OK, closeup of the new diamond-plate hatch and hinge system....stainless steel locking nuts all coated in marine silicone....the start of the new trolling motor mount which will be welded onto the bow....and me driving away from the welding shop to my shed where painting will commence....


----------



## Lowcountry Guy (Jun 18, 2015)

Boat primered and first coat of green going on....decided to go with a Max-4 camo stencil. Paint is not my friend. Also, the swirls on the front casting deck aren't problems with the paint, it's actually a non-slip surface (in case anyone was wondering).

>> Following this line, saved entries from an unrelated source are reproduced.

lemma modular_le_average_modular:
  fixes h :: "'a::euclidean_space \<Rightarrow> real" and g :: "'b \<Rightarrow> 'a \<Rightarrow> real"
  assumes Z: "finite Z" "Z \<noteq> {}" and p1: "\<And>x. 1 \<le> p x" and pm: "p \<in> borel_measurable lebesgue"
    and gm: "\<And>z. z \<in> Z \<Longrightarrow> g z \<in> borel_measurable lebesgue"
    and h: "\<And>y. \<bar>h y\<bar> \<le> (\<Sum>z\<in>Z. \<bar>g z y\<bar>)" and a: "0 < a"
  shows "modular p h (real (card Z)^2 * a) \<le> ennreal (1 / real (card Z)) * (\<Sum>z\<in>Z. modular p (g z) a)"
proof -
  define N where "N = real (card Z)"
  have N1: "N \<ge> 1" using Z unfolding N_def by (simp add: Suc_leI card_gt_0_iff)
  have pointwise: "ennreal ((\<bar>h y\<bar> / (N^2 * a)) powr p y)
      \<le> ennreal (1 / N) * (\<Sum>z\<in>Z. ennreal ((\<bar>g z y\<bar> / a) powr p y))" for y
  proof -
    have "\<bar>h y\<bar> / a \<le> (\<Sum>z\<in>Z. \<bar>g z y\<bar> / a)"
      using h[of y] a by (simp add: sum_divide_distrib[symmetric] divide_right_mono)
    then have "(\<bar>h y\<bar> / a / N^2) powr p y \<le> (\<Sum>z\<in>Z. (\<bar>g z y\<bar> / a) powr p y) / N"
      unfolding N_def using Z a p1 by (intro powr_div_card_sq_le) auto
    then have "ennreal ((\<bar>h y\<bar> / (N^2 * a)) powr p y) \<le> ennreal (1 / N * (\<Sum>z\<in>Z. (\<bar>g z y\<bar> / a) powr p y))"
      by (intro ennreal_leI) (simp add: mult.commute)
    also have "\<dots> = ennreal (1 / N) * ennreal (\<Sum>z\<in>Z. (\<bar>g z y\<bar> / a) powr p y)"
      using N1 by (intro ennreal_mult') auto
    also have "ennreal (\<Sum>z\<in>Z. (\<bar>g z y\<bar> / a) powr p y) = (\<Sum>z\<in>Z. ennreal ((\<bar>g z y\<bar> / a) powr p y))"
      by (rule sum_ennreal[symmetric]) simp
    finally show ?thesis .
  qed
  have "modular p h (N^2 * a) \<le> (\<integral>\<^sup>+ y. ennreal (1 / N) * (\<Sum>z\<in>Z. ennreal ((\<bar>g z y\<bar> / a) powr p y)) \<partial>lebesgue)"
    unfolding modular_def using pointwise by (rule nn_integral_mono)
  also have "\<dots> = ennreal (1 / N) * (\<Sum>z\<in>Z. modular p (g z) a)"
    unfolding modular_def using gm pm
    by (subst nn_integral_cmult, measurable, subst nn_integral_sum) auto
  finally show ?thesis unfolding N_def .
qed

lemma var_norm_sum_le:
  fixes h :: "'a::euclidean_space \<Rightarrow> real" and g :: "'b \<Rightarrow> 'a \<Rightarrow> real"
  assumes Z: "finite Z" "Z \<noteq> {}" and p1: "\<And>x. 1 \<le> p x" and pm: "p \<in> borel_measurable lebesgue"
    and gm: "\<And>z. z \<in> Z \<Longrightarrow> g z \<in> borel_measurable lebesgue"
    and h: "\<And>y. \<bar>h y\<bar> \<le> (\<Sum>z\<in>Z. \<bar>g z y\<bar>)"
  shows "var_norm p h \<le> ennreal (real (card Z)^2) * (\<Sum>z\<in>Z. var_norm p (g z))"
proof (rule ennreal_le_epsilon)
  fix e :: real
  define N where "N = real (card Z)"
  have N1: "N \<ge> 1" using Z unfolding N_def by (simp add: Suc_leI card_gt_0_iff)
  have p0: "\<And>x. 0 \<le> p x" using p1 by (meson order.trans zero_le_one)
  assume "ennreal (real (card Z)^2) * (\<Sum>z\<in>Z. var_norm p (g z)) < top" and e: "0 < e"
  then obtain S where S: "(\<Sum>z\<in>Z. var_norm p (g z)) = ennreal S" "0 \<le> S"
    using N1 unfolding N_def by (cases "\<Sum>z\<in>Z. var_norm p (g z)" rule: ennreal_cases)
      (auto simp: ennreal_mult_eq_top_iff)
  define a where "a = S + e / N^2"
  have a: "a > 0" unfolding a_def using S e N1 by (auto intro!: add_nonneg_pos)
  have modular_g: "modular p (g z) a \<le> 1" if "z \<in> Z" for z
  proof (rule var_norm_less_imp_modular_le[OF _ p0])
    have "var_norm p (g z) \<le> ennreal S" unfolding S(1)[symmetric] using that Z by (intro member_le_sum) auto
    also have "\<dots> < ennreal a" unfolding a_def using e N1 S by (subst ennreal_less_iff) auto
    finally show "var_norm p (g z) < ennreal a" .
  qed
  have "modular p h (N^2 * a) \<le> ennreal (1 / N) * (\<Sum>z\<in>Z. modular p (g z) a)"
    unfolding N_def by (rule modular_le_average_modular[OF Z p1 pm gm h a])
  also have "\<dots> \<le> ennreal (1 / N) * (\<Sum>z\<in>Z. 1)"
    using modular_g by (intro mult_left_mono sum_mono) auto
  also have "\<dots> = 1" using N1 unfolding N_def
    by (simp add: ennreal_of_nat_eq_real_of_nat ennreal_mult[symmetric])
  finally have "var_norm p h \<le> ennreal (N^2 * a)"
    using a N1 by (intro var_norm_le) auto
  also have "N^2 * a = N^2 * S + e" unfolding a_def using N1 by (simp add: field_simps)
  also have "ennreal (N^2 * S + e) = ennreal (N^2) * ennreal S + ennreal e"
    using S e by (simp add: ennreal_mult)
  finally show "var_norm p h \<le> ennreal (real (card Z)^2) * (\<Sum>z\<in>Z. var_norm p (g z)) + ennreal e"
    unfolding S(1) N_def .
qed

lemma var_norm_le_of_eventually_le:
  fixes h :: "'a::euclidean_space \<Rightarrow> real" and g :: "nat \<Rightarrow> 'a \<Rightarrow> real"
  assumes gm: "\<And>n. g n \<in> borel_measurable lebesgue" and pm: "p \<in> borel_measurable lebesgue"
    and p0: "\<And>x. 0 \<le> p x"
    and ev: "\<And>y. eventually (\<lambda>n. \<bar>h y\<bar> \<le> \<bar>g n y\<bar>) sequentially"
    and bound: "\<And>n. var_norm p (g n) \<le> c"
  shows "var_norm p h \<le> c"
proof (cases c)
  case (real c')
  show ?thesis
  proof (rule ennreal_le_epsilon)
    fix e :: real assume e: "0 < e"
    define b where "b = c' + e"
    have modular_g: "modular p (g n) b \<le> 1" for n
      using bound[of n] real e unfolding b_def
      by (intro var_norm_less_imp_modular_le[OF _ p0]) (auto intro: le_less_trans simp: ennreal_less_iff)
    have "ennreal ((\<bar>h y\<bar> / b) powr p y) \<le> liminf (\<lambda>n. ennreal ((\<bar>g n y\<bar> / b) powr p y))" for y
    proof (intro Liminf_bounded)
      show "eventually (\<lambda>n. ennreal ((\<bar>h y\<bar> / b) powr p y) \<le> ennreal ((\<bar>g n y\<bar> / b) powr p y)) sequentially"
        using ev[of y] proof eventually_elim
        case (elim n)
        then show ?case using real e p0 unfolding b_def
          by (intro ennreal_leI powr_mono2 divide_right_mono) auto
      qed
    qed
    then have "modular p h b \<le> (\<integral>\<^sup>+ y. liminf (\<lambda>n. ennreal ((\<bar>g n y\<bar> / b) powr p y)) \<partial>lebesgue)"
      unfolding modular_def by (intro nn_integral_mono)
    also have "\<dots> \<le> liminf (\<lambda>n. modular p (g n) b)"
    proof -
      note [measurable] = gm pm
      show ?thesis unfolding modular_def by (intro nn_integral_liminf) measurable
    qed
    also have "\<dots> \<le> 1" using modular_g by (intro Liminf_le) auto
    finally have "var_norm p h \<le> ennreal b"
      using e real unfolding b_def by (intro var_norm_le) auto
    then show "var_norm p h \<le> c + ennreal e"
      unfolding b_def real using e real by simp
  qed
qed simp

Hope to have the entire boat finished by the end of the weekend, more pics to follow of the finished product....


----------



## GrumpySmiles (Jun 20, 2015)

Looking good! You've really brought her back to life.


----------



## derekdiruz (Jun 20, 2015)

It always amazes me that a paint of coat will make a boat look 100x better. Great job thus far too, I love it! I like the idea of cutting the bow out and welding a new one on. Did you match the gauge of the aluminum when you did that? I'd like to cut my transom from my boat and do that.


----------



## Lowcountry Guy (Jun 22, 2015)

Derek,

I basically cut the old bow out and took measurements. Then I cut out an entirely new bow using a plasma cutter from 1/4" aluminum sheet and welded it into place. Next, I welded an angle over the top for reinforcement at the same level as the original gunwales. Under the bow deck I welded in an aluminum sub-structure that also reinforced the bow. It's pretty solid, to say the least. Last, I welded the original handle back on. I think it turned out really well, and it's certainly more solid than the original bow. As I hunt in swamps with a lot of stumps, I have a little peace of mind if I hit one.


----------



## Lowcountry Guy (Jun 22, 2015)

GrumpySmiles said:


> Looking good! You've really brought her back to life.



Thanks, I'm about to post pics as I FINALLY got her completed yesterday.


----------



## Lowcountry Guy (Jun 22, 2015)

SHE'S DONE!!!!!!!!!

OK, decals on (I really like the reproduction Ouachita decals, they look great), paint on, motor on, ready to rock and roll....took her out on the river yesterday and she ran like a CHAMP! She far exceeds my expectations and handles really well...though it was a very calm, glassy day. I will be installing a bilge pump, but that will come later with an LED light bar, etc. Right now, time to enjoy.

The trailer looks rough, but it functions. New tires going on today. Trailer restoration will be my next project after duck season.

All in all not too bad, though it took longer than expected due to a very busy work schedule. One thing is for sure, if I find another Ouachita jon boat, I'm going to buy it and fix it up to re-sell...I've got these things figured out and I'm very impressed by the build quality. If anything, they appear to be "over-built".


----------



## Lowcountry Guy (Jun 22, 2015)

And two more....the last one for your viewing pleasure...I took her out to the mouth of the river and took this shot that I hope you will all enjoy....


----------



## TxPhishKiller (Aug 13, 2015)

Glad you found your decals. I wanted to reply earlier, but had to wait for forum membership approval...
I also go my decals from https://www.ebay.com/itm/NEW-Pair-of-Ouachita-Style-2-12-Long-Reproduction-Boat-Hull-Logo-Decals-/111288773630?_trksid=p2141725.m3641.l6368

They look great on my boat. Can't post a photo because I have no server to host the photos...


----------



## ADIBOO (Aug 13, 2015)

Boat looks good! I'll have to start a build thread with mine. I got a 72 ouachita 1448.


----------